Other articles have focused on deployment issues. According to an August 14 article on Businessweek, the problem stemmed from an “old set of computer software that was inadvertently reactivated when a new program was installed”. On August 3, Nanex, LLC published “The Knightmare Explained” with the tagline “The following theory fits all available facts”:

We believe Knight accidentally released the test software they used to verify that their new market making software functioned properly, into NYSE’s live system.
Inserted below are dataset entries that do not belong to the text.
(* Let $X$ and $U$ be Hilbert spaces, let $A$ generate an analytic semigroup $\{S(t);t\geq0\}$ on $X$, with $D(A)$ endowed with the graph norm, and let $B\in\mathcal L(D(A),U)$. For $u_0\in D(A)$ define $g(t)=\|BS(t)u_0\|_U^2$, $t>0$, and $u(t)=S(t)u_0$. Then for each $u_0\in D(A)$ the function $g$ is analytic on $(0,+\infty)$. Furthermore, there are constants $K\geq1$ and $\rho\in(0,1)$ independent of $u_0$ such that, whenever $0\leq s<t$ with $0<t-s\leq1$, $$|g^{(\beta)}(t)|\leq K\frac{(t-s)^{-2}\beta!}{(\rho(t-s))^\beta}\|u(s)\|_X^2\quad\text{for all }\beta\in\mathbb N.$$
   Context: $g^{(\beta)}$ denotes the $\beta$-th derivative of $g$. *)

theory Defs
  imports "HOL-Analysis.Analysis"
begin

definition C0_semigroup :: "(real \<Rightarrow> ('x::real_normed_vector \<Rightarrow>\<^sub>L 'x)) \<Rightarrow> bool" where
  "C0_semigroup S \<longleftrightarrow>
     S 0 = id_blinfun \<and>
     (\<forall>t s. 0 \<le> t \<longrightarrow> 0 \<le> s \<longrightarrow> S (t + s) = S t o\<^sub>L S s) \<and>
     (\<forall>x. ((\<lambda>t. blinfun_apply (S t) x) \<longlongrightarrow> x) (at_right 0))"

definition semigroup_generator ::
  "(real \<Rightarrow> ('x::real_normed_vector \<Rightarrow>\<^sub>L 'x)) \<Rightarrow> 'x set \<Rightarrow> ('x \<Rightarrow> 'x) \<Rightarrow> bool" where
  "semigroup_generator S D A \<longleftrightarrow>
     D = {x. \<exists>y. ((\<lambda>h. (1 / h) *\<^sub>R (blinfun_apply (S h) x - x)) \<longlongrightarrow> y) (at_right 0)} \<and>
     (\<forall>x\<in>D. ((\<lambda>h. (1 / h) *\<^sub>R (blinfun_apply (S h) x - x)) \<longlongrightarrow> A x) (at_right 0))"

text \<open>A generates an analytic semigroup S (real-space form of the standard definition:
  S is a C0-semigroup with generator A, S(t) maps X into D(A) for t > 0 and
  sup_{0<t\<le>1} t \<parallel>A S(t)\<parallel> < \<infinity>).\<close>
definition generates_analytic_semigroup ::
  "'x set \<Rightarrow> ('x \<Rightarrow> 'x) \<Rightarrow> (real \<Rightarrow> ('x::real_normed_vector \<Rightarrow>\<^sub>L 'x)) \<Rightarrow> bool" where
  "generates_analytic_semigroup D A S \<longleftrightarrow>
     C0_semigroup S \<and> semigroup_generator S D A \<and>
     (\<forall>t>0. \<forall>x. blinfun_apply (S t) x \<in> D) \<and>
     (\<exists>C. \<forall>t. 0 < t \<longrightarrow> t \<le> 1 \<longrightarrow> (\<forall>x. norm (A (blinfun_apply (S t) x)) \<le> C / t * norm x))"

definition bounded_on_graph_norm ::
  "'x set \<Rightarrow> ('x::real_normed_vector \<Rightarrow> 'x) \<Rightarrow> ('x \<Rightarrow> 'u::real_normed_vector) \<Rightarrow> bool" where
  "bounded_on_graph_norm D A B \<longleftrightarrow>
     (\<forall>x\<in>D. \<forall>y\<in>D. B (x + y) = B x + B y) \<and>
     (\<forall>c. \<forall>x\<in>D. B (c *\<^sub>R x) = c *\<^sub>R B x) \<and>
     (\<exists>M. \<forall>x\<in>D. norm (B x) \<le> M * (norm x + norm (A x)))"

definition real_analytic_on :: "(real \<Rightarrow> real) \<Rightarrow> real set \<Rightarrow> bool" where
  "real_analytic_on g T \<longleftrightarrow>
     (\<forall>x\<in>T. \<exists>r>0. \<exists>a::nat \<Rightarrow> real.
        \<forall>y. \<bar>y - x\<bar> < r \<longrightarrow> (\<lambda>n. a n * (y - x) ^ n) sums g y)"

end

theory Submission
  imports Defs
begin

text \<open>
  Splitting \<open>S(\<delta>)\<close> into \<open>k\<close> equal steps and using \<open>\<parallel>A S(\<sigma>)\<parallel> \<le> C/\<sigma>\<close> gives
  \<open>\<parallel>A\<^sup>k S(\<delta>)\<parallel> \<le> (kC/\<delta>)\<^sup>k \<le> (eC/\<delta>)\<^sup>k k!\<close>. Since \<open>B A\<^sup>k S(t) u\<^sub>0\<close> is the \<open>k\<close>-th derivative
  of \<open>B S(t) u\<^sub>0\<close> and \<open>B\<close> is bounded in the graph norm, writing \<open>S(t) = S(t - s) S(s)\<close> bounds it
  by a multiple of \<open>(eC/(t - s))\<^sup>k\<^sup>+\<^sup>1 (k + 1)! \<parallel>u(s)\<parallel>\<close>. Leibniz' rule for
  \<open>g = \<langle>B S(t) u\<^sub>0, B S(t) u\<^sub>0\<rangle>\<close> then gives the derivative estimate with \<open>\<rho> = 1/(4eC)\<close>, and
  the estimate makes the Taylor remainders of \<open>g\<close> decay geometrically, i.e. \<open>g\<close> is analytic.
  Differentiating \<open>t \<mapsto> S(t) x\<close> from the left needs \<open>S\<close> to be bounded on compact intervals;
  this follows from strong continuity by the Baire category theorem.
\<close>

lemma has_vector_derivative_at_split:
  fixes f :: "real \<Rightarrow> 'a::real_normed_vector"
  assumes right: "((\<lambda>h. (1/h) *\<^sub>R (f (x + h) - f x)) \<longlongrightarrow> v) (at_right 0)"
    and left: "((\<lambda>h. (1/h) *\<^sub>R (f x - f (x - h))) \<longlongrightarrow> v) (at_right 0)"
  shows "(f has_vector_derivative v) (at x)"
proof -
  have "((\<lambda>h. (1/h) *\<^sub>R (f (x + h) - f x)) \<longlongrightarrow> v) (at_left 0)"
    unfolding filterlim_at_left_to_right using left by (simp add: algebra_simps)
  then have "((\<lambda>h. (1/h) *\<^sub>R (f (x + h) - f x)) \<longlongrightarrow> v) (at 0)"
    using right by (rule filterlim_split_at)
  then have "((\<lambda>h. (1/h) *\<^sub>R (f (x + h) - f x) - v) \<longlongrightarrow> 0) (at 0)"
    by (rule LIM_zero)
  then have "((\<lambda>h. norm (f (x + h) - f x - h *\<^sub>R v) / norm h) \<longlongrightarrow> 0) (at 0)"
  proof (rule tendsto_norm_zero[THEN Lim_transform_eventually])
    have "norm ((1/h) *\<^sub>R (f (x + h) - f x) - v) = norm (f (x + h) - f x - h *\<^sub>R v) / norm h"
      if "h \<noteq> 0" for h :: real
    proof -
      have "(1/h) *\<^sub>R (f (x + h) - f x) - v = (1/h) *\<^sub>R (f (x + h) - f x - h *\<^sub>R v)"
        using that by (simp add: algebra_simps)
      then show ?thesis by (simp add: divide_inverse mult.commute)
    qed
    then show "\<forall>\<^sub>F h in at 0. norm ((1/h) *\<^sub>R (f (x + h) - f x) - v) = norm (f (x + h) - f x - h *\<^sub>R v) / norm h"
      by (auto simp: eventually_at_filter)
  qed
  then show ?thesis
    by (simp add: has_vector_derivative_def has_derivative_at bounded_linear_scaleR_left)
qed

lemma power_self_le_exp_fact: "real n ^ n \<le> exp 1 ^ n * fact n"
proof -
  have series: "(\<lambda>i. real n ^ i /\<^sub>R fact i) sums exp (real n)"
    by (rule exp_converges)
  have "real n ^ n /\<^sub>R fact n \<le> exp (real n)"
    using sum_le_suminf[OF sums_summable[OF series], of "{n}"] sums_unique[OF series] by simp
  also have "exp (real n) = exp 1 ^ n"
    using exp_of_nat_mult[of n 1] by simp
  finally show ?thesis by (simp add: field_simps)
qed

lemma real_Suc_le_two_power: "real (Suc n) \<le> 2 ^ n"
  by (metis Suc_leI less_exp of_nat_le_iff of_nat_numeral of_nat_power)

lemma fact_Suc_le_two_power_fact: "(fact (Suc k) :: real) \<le> 2 ^ k * fact k"
  using real_Suc_le_two_power[of k] by (simp add: mult_right_mono)

lemma choose_fact_Suc_le:
  assumes "j \<le> n"
  shows "real (n choose j) * (fact (Suc j) * fact (Suc (n - j))) \<le> 2 ^ n * fact n"
proof -
  have "real (n choose j) * (fact (Suc j) * fact (Suc (n - j)))
      \<le> real (n choose j) * ((2 ^ j * fact j) * (2 ^ (n - j) * fact (n - j)))"
    by (intro mult_left_mono mult_mono fact_Suc_le_two_power_fact) auto
  also have "\<dots> = 2 ^ n * (fact j * fact (n - j) * real (n choose j))"
    using assms by (simp add: power_add[symmetric] algebra_simps)
  also have "fact j * fact (n - j) * real (n choose j) = (fact n :: real)"
    using binomial_fact_lemma[OF assms] by (metis of_nat_fact of_nat_mult)
  finally show ?thesis .
qed

lemma sum_choose_Pascal:
  fixes p :: "nat \<Rightarrow> nat \<Rightarrow> real"
  shows "(\<Sum>j\<le>n. real (n choose j) * (p j (Suc n - j) + p (Suc j) (n - j)))
       = (\<Sum>j\<le>Suc n. real (Suc n choose j) * p j (Suc n - j))"
proof -
  have shifted: "(\<Sum>j\<le>n. real (n choose j) * p j (Suc n - j))
     = p 0 (Suc n) + (\<Sum>j\<le>n. real (n choose Suc j) * p (Suc j) (n - j))"
  proof -
    have "(\<Sum>j\<le>n. real (n choose j) * p j (Suc n - j))
        = (\<Sum>j\<le>Suc n. real (n choose j) * p j (Suc n - j))"
      by simp
    also have "\<dots> = p 0 (Suc n) + (\<Sum>j\<le>n. real (n choose Suc j) * p (Suc j) (n - j))"
      by (subst sum.atMost_Suc_shift) simp
    finally show ?thesis .
  qed
  have "(\<Sum>j\<le>Suc n. real (Suc n choose j) * p j (Suc n - j))
      = p 0 (Suc n) + (\<Sum>j\<le>n. real (n choose j) * p (Suc j) (n - j))
        + (\<Sum>j\<le>n. real (n choose Suc j) * p (Suc j) (n - j))"
    by (subst sum.atMost_Suc_shift) (simp add: sum.distrib distrib_right)
  then show ?thesis
    using shifted by (simp add: sum.distrib distrib_left)
qed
In the safety of Knight’s test laboratory, this test software (we’ll call it, the Tester) sends patterns of buy and sell orders to its new Retail Liquidity Provider (RLP) Market Making software, and the resulting mock executions are recorded. This is how they could ensure their new market making software worked properly before deploying to the NYSE live system.

When the time comes to deploy the new market making software, which is likely handled by a different group, the Tester is accidentally included in the release package and started on NYSE’s live system. On the morning of August 1st, the Tester is ready to do its job: test market making software. Except this time it’s no longer in the lab, it’s running on NYSE’s live system. And it’s about to test any market making software running, not just Knights. With real orders and real dollars. And it won’t tell anyone about it, because that’s not its function.

Last December, I posted “Do you have releases or escapes?”, discussing the importance of release management. In that post, I stated that excellent code poorly delivered is effectively poor code. A professional release management practice is essential to creating and maintaining quality systems.

Obviously there will be configuration differences between environments and these represent a risk that must be managed. However, failing to standardize the deployment of code is needlessly introducing a risk. An effective release management process should promote repeatable (preferably automated) deployments across all environments. Deployments should be seen as an opportunity to test this process, with the goal of ensuring that the release to production is thoroughly uneventful.

If Nanex’s assessment is correct, either Knight Capital failed to have one standard release process or their process allowed the test harness access to the real world. Either case would make the events of August 1 possible. Avoidable errors are bad enough; one that costs $10 million per minute is epic.